───── Data shown
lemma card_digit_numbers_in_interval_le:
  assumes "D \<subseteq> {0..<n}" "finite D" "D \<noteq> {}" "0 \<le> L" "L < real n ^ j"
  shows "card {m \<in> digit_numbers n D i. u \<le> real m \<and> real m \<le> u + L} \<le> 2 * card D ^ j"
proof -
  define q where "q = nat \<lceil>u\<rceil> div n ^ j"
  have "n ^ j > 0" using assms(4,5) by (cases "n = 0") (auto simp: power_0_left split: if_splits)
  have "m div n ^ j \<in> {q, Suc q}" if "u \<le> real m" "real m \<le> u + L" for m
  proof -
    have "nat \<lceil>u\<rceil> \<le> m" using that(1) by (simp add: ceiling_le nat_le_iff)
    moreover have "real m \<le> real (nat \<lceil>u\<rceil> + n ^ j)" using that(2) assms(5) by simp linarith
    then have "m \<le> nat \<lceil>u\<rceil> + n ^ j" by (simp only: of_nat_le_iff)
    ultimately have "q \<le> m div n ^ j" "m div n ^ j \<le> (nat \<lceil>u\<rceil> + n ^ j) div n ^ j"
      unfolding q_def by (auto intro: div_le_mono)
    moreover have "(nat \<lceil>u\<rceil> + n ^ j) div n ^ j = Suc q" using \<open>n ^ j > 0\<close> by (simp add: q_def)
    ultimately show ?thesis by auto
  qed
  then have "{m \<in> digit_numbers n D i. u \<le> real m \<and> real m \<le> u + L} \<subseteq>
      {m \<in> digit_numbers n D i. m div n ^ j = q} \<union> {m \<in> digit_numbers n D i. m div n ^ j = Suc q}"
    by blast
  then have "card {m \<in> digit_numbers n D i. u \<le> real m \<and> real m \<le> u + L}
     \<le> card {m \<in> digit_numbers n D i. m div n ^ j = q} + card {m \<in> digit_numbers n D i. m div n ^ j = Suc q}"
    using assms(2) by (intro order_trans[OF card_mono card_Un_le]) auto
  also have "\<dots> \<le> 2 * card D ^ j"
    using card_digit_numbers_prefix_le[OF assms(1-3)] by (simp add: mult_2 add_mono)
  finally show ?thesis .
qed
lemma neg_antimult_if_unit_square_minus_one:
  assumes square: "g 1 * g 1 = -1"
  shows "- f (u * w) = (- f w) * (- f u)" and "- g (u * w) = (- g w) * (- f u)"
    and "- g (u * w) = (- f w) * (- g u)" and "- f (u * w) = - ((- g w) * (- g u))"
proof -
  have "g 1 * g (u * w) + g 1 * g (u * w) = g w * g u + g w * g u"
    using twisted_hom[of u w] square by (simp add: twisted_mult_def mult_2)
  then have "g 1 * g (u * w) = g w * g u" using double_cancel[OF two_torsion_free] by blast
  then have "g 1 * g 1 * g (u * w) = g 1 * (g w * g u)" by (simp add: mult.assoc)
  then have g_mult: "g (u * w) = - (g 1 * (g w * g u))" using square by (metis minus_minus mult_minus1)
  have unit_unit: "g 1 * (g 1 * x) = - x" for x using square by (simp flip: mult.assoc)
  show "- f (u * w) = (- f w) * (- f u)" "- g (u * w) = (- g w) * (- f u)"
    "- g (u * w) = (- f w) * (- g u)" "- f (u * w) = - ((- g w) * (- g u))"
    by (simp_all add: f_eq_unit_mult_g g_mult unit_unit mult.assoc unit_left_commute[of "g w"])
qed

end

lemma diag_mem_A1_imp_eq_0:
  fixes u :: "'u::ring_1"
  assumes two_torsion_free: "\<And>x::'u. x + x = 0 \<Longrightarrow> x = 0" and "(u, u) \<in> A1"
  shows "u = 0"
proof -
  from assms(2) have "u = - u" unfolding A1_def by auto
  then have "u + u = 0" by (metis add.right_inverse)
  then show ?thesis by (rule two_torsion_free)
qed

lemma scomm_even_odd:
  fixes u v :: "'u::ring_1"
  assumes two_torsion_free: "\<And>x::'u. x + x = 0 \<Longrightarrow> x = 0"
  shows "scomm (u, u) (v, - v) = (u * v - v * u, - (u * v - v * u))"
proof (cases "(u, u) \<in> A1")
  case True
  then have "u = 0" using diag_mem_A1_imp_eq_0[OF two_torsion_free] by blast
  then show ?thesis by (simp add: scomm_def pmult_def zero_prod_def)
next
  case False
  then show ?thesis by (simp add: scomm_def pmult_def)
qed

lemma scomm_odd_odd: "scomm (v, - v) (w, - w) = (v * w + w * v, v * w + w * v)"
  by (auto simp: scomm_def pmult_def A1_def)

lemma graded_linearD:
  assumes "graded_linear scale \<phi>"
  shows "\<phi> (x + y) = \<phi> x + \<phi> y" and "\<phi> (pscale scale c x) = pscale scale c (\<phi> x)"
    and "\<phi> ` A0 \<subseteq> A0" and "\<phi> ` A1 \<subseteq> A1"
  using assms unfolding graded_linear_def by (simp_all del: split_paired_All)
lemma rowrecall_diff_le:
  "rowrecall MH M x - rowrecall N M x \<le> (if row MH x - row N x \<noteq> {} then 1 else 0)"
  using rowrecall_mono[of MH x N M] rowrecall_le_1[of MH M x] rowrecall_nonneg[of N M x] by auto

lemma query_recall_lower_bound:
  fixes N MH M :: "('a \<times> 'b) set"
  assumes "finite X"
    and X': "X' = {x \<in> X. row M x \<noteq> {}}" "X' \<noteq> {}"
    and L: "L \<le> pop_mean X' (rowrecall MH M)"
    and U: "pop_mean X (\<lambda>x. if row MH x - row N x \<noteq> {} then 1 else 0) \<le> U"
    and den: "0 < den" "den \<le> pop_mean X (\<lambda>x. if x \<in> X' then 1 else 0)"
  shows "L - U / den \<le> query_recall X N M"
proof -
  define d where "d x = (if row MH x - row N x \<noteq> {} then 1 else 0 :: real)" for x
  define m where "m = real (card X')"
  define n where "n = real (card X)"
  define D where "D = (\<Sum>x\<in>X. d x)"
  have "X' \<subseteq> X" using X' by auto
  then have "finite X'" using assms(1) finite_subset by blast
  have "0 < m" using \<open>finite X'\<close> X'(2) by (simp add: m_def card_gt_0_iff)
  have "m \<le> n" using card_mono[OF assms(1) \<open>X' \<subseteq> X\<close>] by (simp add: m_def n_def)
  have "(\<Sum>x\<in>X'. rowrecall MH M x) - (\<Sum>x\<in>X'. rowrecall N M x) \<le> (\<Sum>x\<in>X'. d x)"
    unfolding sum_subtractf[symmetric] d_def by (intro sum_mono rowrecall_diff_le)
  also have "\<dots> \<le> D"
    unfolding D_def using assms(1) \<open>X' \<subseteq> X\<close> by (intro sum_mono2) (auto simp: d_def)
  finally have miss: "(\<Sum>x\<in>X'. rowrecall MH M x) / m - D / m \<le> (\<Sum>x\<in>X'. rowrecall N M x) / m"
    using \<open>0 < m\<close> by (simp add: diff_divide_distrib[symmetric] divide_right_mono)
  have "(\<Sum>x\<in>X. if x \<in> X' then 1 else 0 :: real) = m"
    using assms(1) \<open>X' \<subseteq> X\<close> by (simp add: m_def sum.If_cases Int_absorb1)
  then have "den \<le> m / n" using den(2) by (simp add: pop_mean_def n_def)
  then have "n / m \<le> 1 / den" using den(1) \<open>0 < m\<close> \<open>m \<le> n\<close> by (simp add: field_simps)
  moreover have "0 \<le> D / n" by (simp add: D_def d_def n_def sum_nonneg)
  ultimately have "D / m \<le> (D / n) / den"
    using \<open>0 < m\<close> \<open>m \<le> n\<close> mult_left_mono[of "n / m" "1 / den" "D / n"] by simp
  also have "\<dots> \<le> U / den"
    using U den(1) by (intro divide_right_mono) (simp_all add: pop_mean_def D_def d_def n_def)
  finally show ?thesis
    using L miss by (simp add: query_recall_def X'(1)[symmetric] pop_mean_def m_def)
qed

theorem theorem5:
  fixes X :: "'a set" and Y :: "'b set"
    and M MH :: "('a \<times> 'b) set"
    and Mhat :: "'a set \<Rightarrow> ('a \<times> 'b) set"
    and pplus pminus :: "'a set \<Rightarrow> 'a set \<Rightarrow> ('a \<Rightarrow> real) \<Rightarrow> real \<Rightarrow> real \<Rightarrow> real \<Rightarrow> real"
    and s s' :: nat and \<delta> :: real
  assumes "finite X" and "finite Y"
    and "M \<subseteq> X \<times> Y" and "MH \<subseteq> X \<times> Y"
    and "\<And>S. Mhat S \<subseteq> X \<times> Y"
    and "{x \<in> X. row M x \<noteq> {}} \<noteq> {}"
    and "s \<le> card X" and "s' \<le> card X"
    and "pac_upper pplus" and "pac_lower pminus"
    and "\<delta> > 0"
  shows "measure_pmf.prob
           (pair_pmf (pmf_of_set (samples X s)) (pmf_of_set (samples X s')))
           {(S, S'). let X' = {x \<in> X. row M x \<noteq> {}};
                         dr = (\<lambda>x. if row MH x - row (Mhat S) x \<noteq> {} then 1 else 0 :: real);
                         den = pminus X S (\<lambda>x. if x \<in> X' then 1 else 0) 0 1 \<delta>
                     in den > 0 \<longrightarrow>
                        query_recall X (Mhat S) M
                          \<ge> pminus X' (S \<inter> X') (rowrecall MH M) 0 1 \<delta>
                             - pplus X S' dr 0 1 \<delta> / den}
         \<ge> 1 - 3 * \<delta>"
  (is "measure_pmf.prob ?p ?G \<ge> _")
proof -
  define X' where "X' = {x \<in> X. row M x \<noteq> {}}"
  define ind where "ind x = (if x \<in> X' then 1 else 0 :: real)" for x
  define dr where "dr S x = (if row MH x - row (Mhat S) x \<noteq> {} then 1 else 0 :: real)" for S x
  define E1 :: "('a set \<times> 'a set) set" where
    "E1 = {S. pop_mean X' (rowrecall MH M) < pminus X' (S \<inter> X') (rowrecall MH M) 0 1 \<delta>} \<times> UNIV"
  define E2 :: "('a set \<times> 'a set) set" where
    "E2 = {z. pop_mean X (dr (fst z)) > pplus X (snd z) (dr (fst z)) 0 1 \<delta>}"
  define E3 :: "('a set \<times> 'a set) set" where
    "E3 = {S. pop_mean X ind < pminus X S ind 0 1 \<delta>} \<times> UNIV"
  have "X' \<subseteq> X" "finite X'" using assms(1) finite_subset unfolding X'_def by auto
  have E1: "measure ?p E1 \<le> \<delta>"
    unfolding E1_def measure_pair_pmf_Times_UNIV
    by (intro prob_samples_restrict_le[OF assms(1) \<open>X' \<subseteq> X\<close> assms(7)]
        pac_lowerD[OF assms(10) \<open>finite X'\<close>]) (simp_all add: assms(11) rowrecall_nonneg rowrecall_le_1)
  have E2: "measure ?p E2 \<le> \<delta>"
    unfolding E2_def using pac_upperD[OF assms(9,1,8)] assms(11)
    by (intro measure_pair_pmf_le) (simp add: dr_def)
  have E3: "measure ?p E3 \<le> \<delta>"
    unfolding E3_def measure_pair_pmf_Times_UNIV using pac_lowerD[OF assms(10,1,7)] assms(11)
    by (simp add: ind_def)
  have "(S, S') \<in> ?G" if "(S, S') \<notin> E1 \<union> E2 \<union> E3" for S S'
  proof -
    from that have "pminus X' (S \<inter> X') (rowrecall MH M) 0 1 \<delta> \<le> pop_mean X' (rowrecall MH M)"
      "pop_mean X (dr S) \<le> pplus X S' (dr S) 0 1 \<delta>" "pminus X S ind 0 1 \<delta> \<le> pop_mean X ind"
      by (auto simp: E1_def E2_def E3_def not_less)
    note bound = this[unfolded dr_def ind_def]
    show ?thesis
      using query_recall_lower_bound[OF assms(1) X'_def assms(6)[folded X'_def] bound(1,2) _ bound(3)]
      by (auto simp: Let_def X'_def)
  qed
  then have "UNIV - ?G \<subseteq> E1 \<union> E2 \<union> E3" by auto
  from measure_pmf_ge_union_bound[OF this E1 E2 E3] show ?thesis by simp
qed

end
──────────
Task requirements: Taking the listing above as the source, transcribe only the lines starting at the line with "pac_lowerD[OF assms(10) \<open>finite" and going through the line with "by (simp add: ind_def)", unaltered and with both ends included.

Task result:
        pac_lowerD[OF assms(10) \<open>finite X'\<close>]) (simp_all add: assms(11) rowrecall_nonneg rowrecall_le_1)
  have E2: "measure ?p E2 \<le> \<delta>"
    unfolding E2_def using pac_upperD[OF assms(9,1,8)] assms(11)
    by (intro measure_pair_pmf_le) (simp add: dr_def)
  have E3: "measure ?p E3 \<le> \<delta>"
    unfolding E3_def measure_pair_pmf_Times_UNIV using pac_lowerD[OF assms(10,1,7)] assms(11)
    by (simp add: ind_def)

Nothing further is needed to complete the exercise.